(* Fix a state $s$, a utility $u:\mathcal S\times\Omega\times\mathcal A\to[0,1]$, a function $Q:\mathcal S\times\Omega\times\mathcal A\to[0,H]$ and priors $\mu_1,\mu_2\in\Delta(\Omega)$, and let $\mathcal B_{1,2}=\mathbb B(\mu_1,\|\mu_1-\mu_2\|_1)$. Then $$\max_{\pi_1\in\mathrm{Pers}(\mu_1,u)}\langle Q,\mu_1\otimes\pi_1\rangle(s)-\max_{\pi_2\in\mathrm{Pers}(\mu_2,u)}\langle Q,\mu_2\otimes\pi_2\rangle(s)\le\mathrm{Gap}(s,\mu_1,\mathcal B_{1,2};Q)+\frac H2\|\mu_1-\mu_2\|_1.$$
   Context: $\mathcal A$ is a finite action set, $\mathcal S$ a state space and $\Omega$ an outcome space; $\Delta(\Omega)$ is the set of probability distributions on $\Omega$ (with densities/mass functions $\mu(\omega)$), and $\|\mu-\mu'\|_1=\int_\Omega|\mu(\omega)-\mu'(\omega)|\,\mathrm d\omega$. A signaling scheme $\pi$ assigns to each $(s,\omega)$ a distribution $\pi(\cdot\mid s,\omega)\in\Delta(\mathcal A)$. For a prior $\mu$ and utility $u$, $\mathrm{Pers}(\mu,u)$ is the set of $\pi$ with $\int_\Omega\mu(\omega)\pi(a\mid s,\omega)[u(s,\omega,a)-u(s,\omega,a')]\,\mathrm d\omega\ge0$ for all $a,a'\in\mathcal A$ and states $s$; for a set $\mathcal B\subseteq\Delta(\Omega)$, $\mathrm{Pers}(\mathcal B,u)=\bigcap_{\mu'\in\mathcal B}\mathrm{Pers}(\mu',u)$. $\langle Q,\mu\otimes\pi\rangle(s)=\mathbb E_{\omega\sim\mu,\,a\sim\pi(\cdot\mid s,\omega)}[Q(s,\omega,a)]$. The robustness gap is $\mathrm{Gap}(s,\mu,\mathcal B;Q)=\max_{\pi\in\mathrm{Pers}(\mu,u)}\langle Q,\mu\otimes\pi\rangle(s)-\max_{\pi\in\mathrm{Pers}(\mathcal B,u)}\langle Q,\mu\otimes\pi\rangle(s)$. $\mathbb B(\mu,\epsilon)=\{\mu'\in\Delta(\Omega):\|\mu-\mu'\|_1\le\epsilon\}$. *)

theory Defs
  imports "HOL-Analysis.Analysis"
begin

text \<open>The outcome space \<Omega> is the space of a reference measure M; priors are
  probability densities w.r.t. M. Actions form a finite type 'a; states a type 's.\<close>

definition prior :: "'w measure \<Rightarrow> ('w \<Rightarrow> real) \<Rightarrow> bool" where
  "prior M \<mu> \<longleftrightarrow> \<mu> \<in> borel_measurable M \<and> (\<forall>\<omega>\<in>space M. 0 \<le> \<mu> \<omega>)
     \<and> integrable M \<mu> \<and> (\<integral>\<omega>. \<mu> \<omega> \<partial>M) = 1"
(* Let $F$ be a field, $U,V$ finite-dimensional $F$-vector spaces with $\dim U=n$ and $\dim V=m$, $A:U\times U\to V$ an alternating bilinear map whose image spans $V$, $u_1<\dots<u_n$ an ordered basis of $U$, and $\mathcal{B}$, $\mathcal{W}(\mathcal{B})$ as in the context. If $\mathcal{B}$ is not a tree of height one, then \[|\mathcal{W}(\mathcal{B})|\ge\left(\sum_{i=2}^{m+1}(n-i)\right)+(m-2),\] and in particular $\dim\operatorname{Im}\Psi\ge\left(\sum_{i=2}^{m+1}(n-i)\right)+(m-2)$.
   Context: $\mathcal{Y}$ is the set of $2$-element subsets of $\{1,\dots,n\}$, totally ordered by $\{i,j\}<\{r,s\}$ iff $\max\{i,j\}<\max\{r,s\}$, or the maxima are equal to $a$ and the remaining element of $\{i,j\}\setminus\{a\}$ is smaller than that of $\{r,s\}\setminus\{a\}$. $\mathcal{B}$ is constructed as follows: $\mathcal{B}_0=B_0=\emptyset$; inductively let $\{i,j\}$ ($i<j$) be the least element of $\mathcal{Y}$ with $A(u_i,u_j)\notin\operatorname{span}(B_k)$, and set $\mathcal{B}_{k+1}=\mathcal{B}_k\cup\{\{i,j\}\}$, $B_{k+1}=B_k\cup\{A(u_i,u_j)\}$; stop at $k=m$ and put $\mathcal{B}=\mathcal{B}_m$. $\mathcal{B}$ is a tree of height one if there is an $i$ with $i\in\{j,l\}$ for every $\{j,l\}\in\mathcal{B}$. $\mathcal{W}(\mathcal{B})$ is the set of $3$-element subsets of $\{1,\dots,n\}$ containing some $2$-element subset belonging to $\mathcal{B}$. $\Psi:U\otimes_F U\otimes_F U\to V\otimes_F U$ is the linear map with $\Psi(x\otimes y\otimes z)=A(x,y)\otimes z+A(y,z)\otimes x+A(z,x)\otimes y$. *)

theory Defs
  imports Main "HOL.Vector_Spaces" "HOL-Library.Function_Algebras"
begin
(* Let $P$ be an infinite field and $W(X)$ the free associative (unital) algebra over $P$ on a finite set $X=\{x_1,\ldots,x_n\}$. Let $\mu:W(X)\to W(X)$ be a bijection generating an automorphism $\tau$ of the semigroup $\mathrm{End}(W(X))$ (i.e. $\tau(s)=\mu s\mu^{-1}$ for all $s$), such that $\mu(a)=a$ for all $a\in P$ and $\mu(x_i)=x_i$ for all $i$. Then either $\mu(uv)=\mu(u)\mu(v)$ for all $u,v\in W(X)$, or $\mu(uv)=\mu(v)\mu(u)$ for all $u,v\in W(X)$.
   Context: $\mathrm{End}(W(X))$ is the semigroup of all $P$-algebra endomorphisms of $W(X)$. *)

theory Defs
  imports Main
begin

text \<open>The free associative unital algebra W(X) over a field 'a on X = {x_0,...,x_(n-1)}
  is modelled as finitely supported functions from words (lists of indices < n) to 'a.\<close>

type_synonym 'a walg = "nat list \<Rightarrow> 'a"

definition W :: "nat \<Rightarrow> ('a::field) walg set" where
  "W n = {f. finite {w. f w \<noteq> 0} \<and> (\<forall>w. f w \<noteq> 0 \<longrightarrow> set w \<subseteq> {..<n})}"

definition wadd :: "('a::field) walg \<Rightarrow> 'a walg \<Rightarrow> 'a walg" where
  "wadd f g = (\<lambda>w. f w + g w)"

definition wsmult :: "'a::field \<Rightarrow> 'a walg \<Rightarrow> 'a walg" where
  "wsmult c f = (\<lambda>w. c * f w)"

definition wmult :: "('a::field) walg \<Rightarrow> 'a walg \<Rightarrow> 'a walg" where
  "wmult f g = (\<lambda>w. \<Sum>k\<le>length w. f (take k w) * g (drop k w))"

definition wconst :: "'a::field \<Rightarrow> 'a walg" where
  "wconst a = (\<lambda>w. if w = [] then a else 0)"

definition wvar :: "nat \<Rightarrow> ('a::field) walg" where
  "wvar i = (\<lambda>w. if w = [i] then 1 else 0)"

definition WEnd :: "nat \<Rightarrow> (('a::field) walg \<Rightarrow> 'a walg) set" where
  "WEnd n = {s. (\<forall>f\<in>W n. s f \<in> W n)
     \<and> (\<forall>f\<in>W n. \<forall>g\<in>W n. s (wadd f g) = wadd (s f) (s g))
     \<and> (\<forall>c. \<forall>f\<in>W n. s (wsmult c f) = wsmult c (s f))
     \<and> (\<forall>f\<in>W n. \<forall>g\<in>W n. s (wmult f g) = wmult (s f) (s g))
     \<and> s (wconst 1) = wconst 1}"

end

theory Submission imports Defs "HOL-Computational_Algebra.Polynomial" begin

(* Conjugation by \<mu> turns the substitution endomorphism x_i \<mapsto> u_i into x_i \<mapsto> \<mu>(u_i), so
   \<mu>(s f) = s'(\<mu> f) for every substitution s.  Substituting scalars shows that \<mu> preserves
   evaluation at scalars; as P is infinite, \<mu> therefore fixes every element involving x_0 only
   (for n \<le> 1 this is all of W(X)), hence every c x_i, and so \<mu> commutes with rescaling a single
   variable.  This torus action forces t = \<mu>(x_0 x_1) to have degree one in x_0 and in x_1, i.e.
   t = \<beta> x_0 x_1 + \<gamma> x_1 x_0, and substituting u, v for x_0, x_1 yields
   \<mu>(u v) = \<beta> \<mu>(u) \<mu>(v) + \<gamma> \<mu>(v) \<mu>(u).  Then u = v = 1 gives \<beta> + \<gamma> = 1, and computing
   \<mu>(x_0 x_1 x_1) in two ways gives \<beta>\<^sup>2 = \<beta>. *)

section \<open>Words and the operations of W(X)\<close>

definition wsum :: "'b set \<Rightarrow> ('b \<Rightarrow> ('a::field) walg) \<Rightarrow> 'a walg" where
  "wsum S F = (\<lambda>w. \<Sum>i\<in>S. F i w)"

definition wword :: "nat list \<Rightarrow> ('a::field) walg" where
  "wword v = (\<lambda>w. if w = v then 1 else 0)"

definition supp :: "('a::field) walg \<Rightarrow> nat list set" where
  "supp f = {w. f w \<noteq> 0}"

definition splittings :: "nat list \<Rightarrow> (nat list \<times> nat list) set" where
  "splittings x = {(a, b). a @ b = x}"

lemma splittings_eq_image: "splittings x = (\<lambda>k. (take k x, drop k x)) ` {..length x}"
proof
  show "splittings x \<subseteq> (\<lambda>k. (take k x, drop k x)) ` {..length x}"
  proof
    fix p assume "p \<in> splittings x"
    then obtain a b where "p = (a, b)" "a @ b = x" by (auto simp: splittings_def)
    then show "p \<in> (\<lambda>k. (take k x, drop k x)) ` {..length x}"
      by (intro image_eqI[where x="length a"]) auto
  qed
qed (auto simp: splittings_def)

lemma finite_splittings [simp]: "finite (splittings x)"
  by (simp add: splittings_eq_image)

lemma wmult_splittings: "wmult f g x = (\<Sum>p\<in>splittings x. f (fst p) * g (snd p))"
proof -
  have "inj_on (\<lambda>k. (take k x, drop k x)) {..length x}"
    by (rule inj_onI) (metis Pair_inject atMost_iff length_take min.absorb2)
  then show ?thesis
    unfolding splittings_eq_image wmult_def by (simp add: sum.reindex)
qed

lemma wmult_assoc: "wmult (wmult f g) h = wmult f (wmult g h)"
proof
  fix x
  have "wmult (wmult f g) h x
      = (\<Sum>p\<in>splittings x. \<Sum>q\<in>splittings (fst p). f (fst q) * g (snd q) * h (snd p))"
    by (simp add: wmult_splittings sum_distrib_right)
  also have "\<dots> = (\<Sum>pq\<in>Sigma (splittings x) (\<lambda>p. splittings (fst p)).
                    f (fst (snd pq)) * g (snd (snd pq)) * h (snd (fst pq)))"
    by (subst sum.Sigma) (auto simp: case_prod_beta)
  also have "\<dots> = (\<Sum>t\<in>{(a, b, c). a @ b @ c = x}. f (fst t) * g (fst (snd t)) * h (snd (snd t)))"
    by (rule sum.reindex_bij_witness[where i="\<lambda>(a, b, c). ((a @ b, c), (a, b))"
          and j="\<lambda>((p, c), (a, b)). (a, b, c)"]) (auto simp: splittings_def)
  also have "\<dots> = (\<Sum>pq\<in>Sigma (splittings x) (\<lambda>p. splittings (snd p)).
                    f (fst (fst pq)) * g (fst (snd pq)) * h (snd (snd pq)))"
    by (rule sum.reindex_bij_witness[where j="\<lambda>(a, b, c). ((a, b @ c), (b, c))"
          and i="\<lambda>((a, q), (b, c)). (a, b, c)"]) (auto simp: splittings_def)
  also have "\<dots> = (\<Sum>p\<in>splittings x. \<Sum>q\<in>splittings (snd p). f (fst p) * (g (fst q) * h (snd q)))"
    by (subst sum.Sigma) (auto simp: mult.assoc case_prod_beta)
  also have "\<dots> = wmult f (wmult g h) x"
    by (simp add: wmult_splittings sum_distrib_left)
  finally show "wmult (wmult f g) h x = wmult f (wmult g h) x" .
qed

lemma wmult_wword: "wmult (wword v) (wword w) = wword (v @ w)"
proof
  fix x
  have "wmult (wword v) (wword w) x = (\<Sum>p\<in>splittings x. if p = (v, w) then 1 else 0)"
    unfolding wmult_splittings wword_def by (intro sum.cong) auto
  also have "\<dots> = wword (v @ w) x"
    by (subst sum.delta[OF finite_splittings]) (auto simp: wword_def splittings_def)
  finally show "wmult (wword v) (wword w) x = wword (v @ w) x" .
qed

lemma wmult_wsum_left: "wmult (wsum S F) g = wsum S (\<lambda>i. wmult (F i) g)"
  unfolding wmult_def wsum_def by (auto simp: sum_distrib_right intro!: ext sum.swap)

lemma wmult_wsum_right: "wmult g (wsum S F) = wsum S (\<lambda>i. wmult g (F i))"
  unfolding wmult_def wsum_def by (auto simp: sum_distrib_left intro!: ext sum.swap)

lemma wmult_wsmult_left: "wmult (wsmult c f) g = wsmult c (wmult f g)"
  unfolding wmult_def wsmult_def by (auto simp: sum_distrib_left mult.assoc intro!: ext)

lemma wmult_wsmult_right: "wmult f (wsmult c g) = wsmult c (wmult f g)"
  unfolding wmult_def wsmult_def by (auto simp: sum_distrib_left mult.left_commute intro!: ext)

lemma wmult_wadd_left: "wmult (wadd f g) h = wadd (wmult f h) (wmult g h)"
  unfolding wmult_def wadd_def by (auto simp: distrib_right sum.distrib intro!: ext)

lemma wmult_wadd_right: "wmult h (wadd f g) = wadd (wmult h f) (wmult h g)"
  unfolding wmult_def wadd_def by (auto simp: distrib_left sum.distrib intro!: ext)

lemma wconst_eq_wsmult_wword: "wconst a = wsmult a (wword [])"
  by (auto simp: wconst_def wsmult_def wword_def)

lemma wvar_eq_wword: "wvar i = wword [i]"
  by (auto simp: wvar_def wword_def)

lemma wconst_one_eq_wword: "wconst 1 = wword []"
  by (auto simp: wconst_def wword_def)

lemma wmult_one_left: "wmult (wconst 1) f = f"
proof
  fix x
  have "wmult (wconst 1) f x = (\<Sum>k\<le>length x. if k = 0 then f x else 0)"
    unfolding wmult_def wconst_def by (intro sum.cong) auto
  then show "wmult (wconst 1) f x = f x" by simp
qed

lemma wmult_one_right: "wmult f (wconst 1) = f"
proof
  fix x
  have "wmult f (wconst 1) x = (\<Sum>k\<le>length x. if k = length x then f x else 0)"
    unfolding wmult_def wconst_def by (intro sum.cong) auto
  then show "wmult f (wconst 1) x = f x" by simp
qed

lemma wsmult_one [simp]: "wsmult 1 f = f"
  by (simp add: wsmult_def)

lemma wadd_wsmult_same: "wadd (wsmult a f) (wsmult b f) = wsmult (a + b) f"
  by (simp add: wadd_def wsmult_def distrib_right)

lemma wsmult_wsmult: "wsmult a (wsmult b f) = wsmult (a * b) f"
  by (simp add: wsmult_def mult.assoc)

lemma wmult_wconst: "wmult (wconst a) (wconst c) = wconst (a * c)"
  by (simp add: wconst_eq_wsmult_wword wmult_wsmult_left wmult_wsmult_right wmult_wword
      wsmult_wsmult mult.commute)

lemma wconst_inject: "wconst a = wconst b \<Longrightarrow> a = b"
  by (metis wconst_def)

lemma wsum_insert: "finite S \<Longrightarrow> i \<notin> S \<Longrightarrow> wsum (insert i S) F = wadd (F i) (wsum S F)"
  by (simp add: wsum_def wadd_def)

lemma wsum_cartesian:
  "wsum (A \<times> B) (\<lambda>p. F (fst p) (snd p)) = wsum A (\<lambda>a. wsum B (\<lambda>b. F a b))"
  unfolding wsum_def by (auto intro!: ext simp: sum.cartesian_product case_prod_beta)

————

▶ [Work item]:
Identify each line in the entries with the word "mathbb" and copy it.

▶ [Final answer]:
(* Fix a state $s$, a utility $u:\mathcal S\times\Omega\times\mathcal A\to[0,1]$, a function $Q:\mathcal S\times\Omega\times\mathcal A\to[0,H]$ and priors $\mu_1,\mu_2\in\Delta(\Omega)$, and let $\mathcal B_{1,2}=\mathbb B(\mu_1,\|\mu_1-\mu_2\|_1)$. Then $$\max_{\pi_1\in\mathrm{Pers}(\mu_1,u)}\langle Q,\mu_1\otimes\pi_1\rangle(s)-\max_{\pi_2\in\mathrm{Pers}(\mu_2,u)}\langle Q,\mu_2\otimes\pi_2\rangle(s)\le\mathrm{Gap}(s,\mu_1,\mathcal B_{1,2};Q)+\frac H2\|\mu_1-\mu_2\|_1.$$
   Context: $\mathcal A$ is a finite action set, $\mathcal S$ a state space and $\Omega$ an outcome space; $\Delta(\Omega)$ is the set of probability distributions on $\Omega$ (with densities/mass functions $\mu(\omega)$), and $\|\mu-\mu'\|_1=\int_\Omega|\mu(\omega)-\mu'(\omega)|\,\mathrm d\omega$. A signaling scheme $\pi$ assigns to each $(s,\omega)$ a distribution $\pi(\cdot\mid s,\omega)\in\Delta(\mathcal A)$. For a prior $\mu$ and utility $u$, $\mathrm{Pers}(\mu,u)$ is the set of $\pi$ with $\int_\Omega\mu(\omega)\pi(a\mid s,\omega)[u(s,\omega,a)-u(s,\omega,a')]\,\mathrm d\omega\ge0$ for all $a,a'\in\mathcal A$ and states $s$; for a set $\mathcal B\subseteq\Delta(\Omega)$, $\mathrm{Pers}(\mathcal B,u)=\bigcap_{\mu'\in\mathcal B}\mathrm{Pers}(\mu',u)$. $\langle Q,\mu\otimes\pi\rangle(s)=\mathbb E_{\omega\sim\mu,\,a\sim\pi(\cdot\mid s,\omega)}[Q(s,\omega,a)]$. The robustness gap is $\mathrm{Gap}(s,\mu,\mathcal B;Q)=\max_{\pi\in\mathrm{Pers}(\mu,u)}\langle Q,\mu\otimes\pi\rangle(s)-\max_{\pi\in\mathrm{Pers}(\mathcal B,u)}\langle Q,\mu\otimes\pi\rangle(s)$. $\mathbb B(\mu,\epsilon)=\{\mu'\in\Delta(\Omega):\|\mu-\mu'\|_1\le\epsilon\}$. *)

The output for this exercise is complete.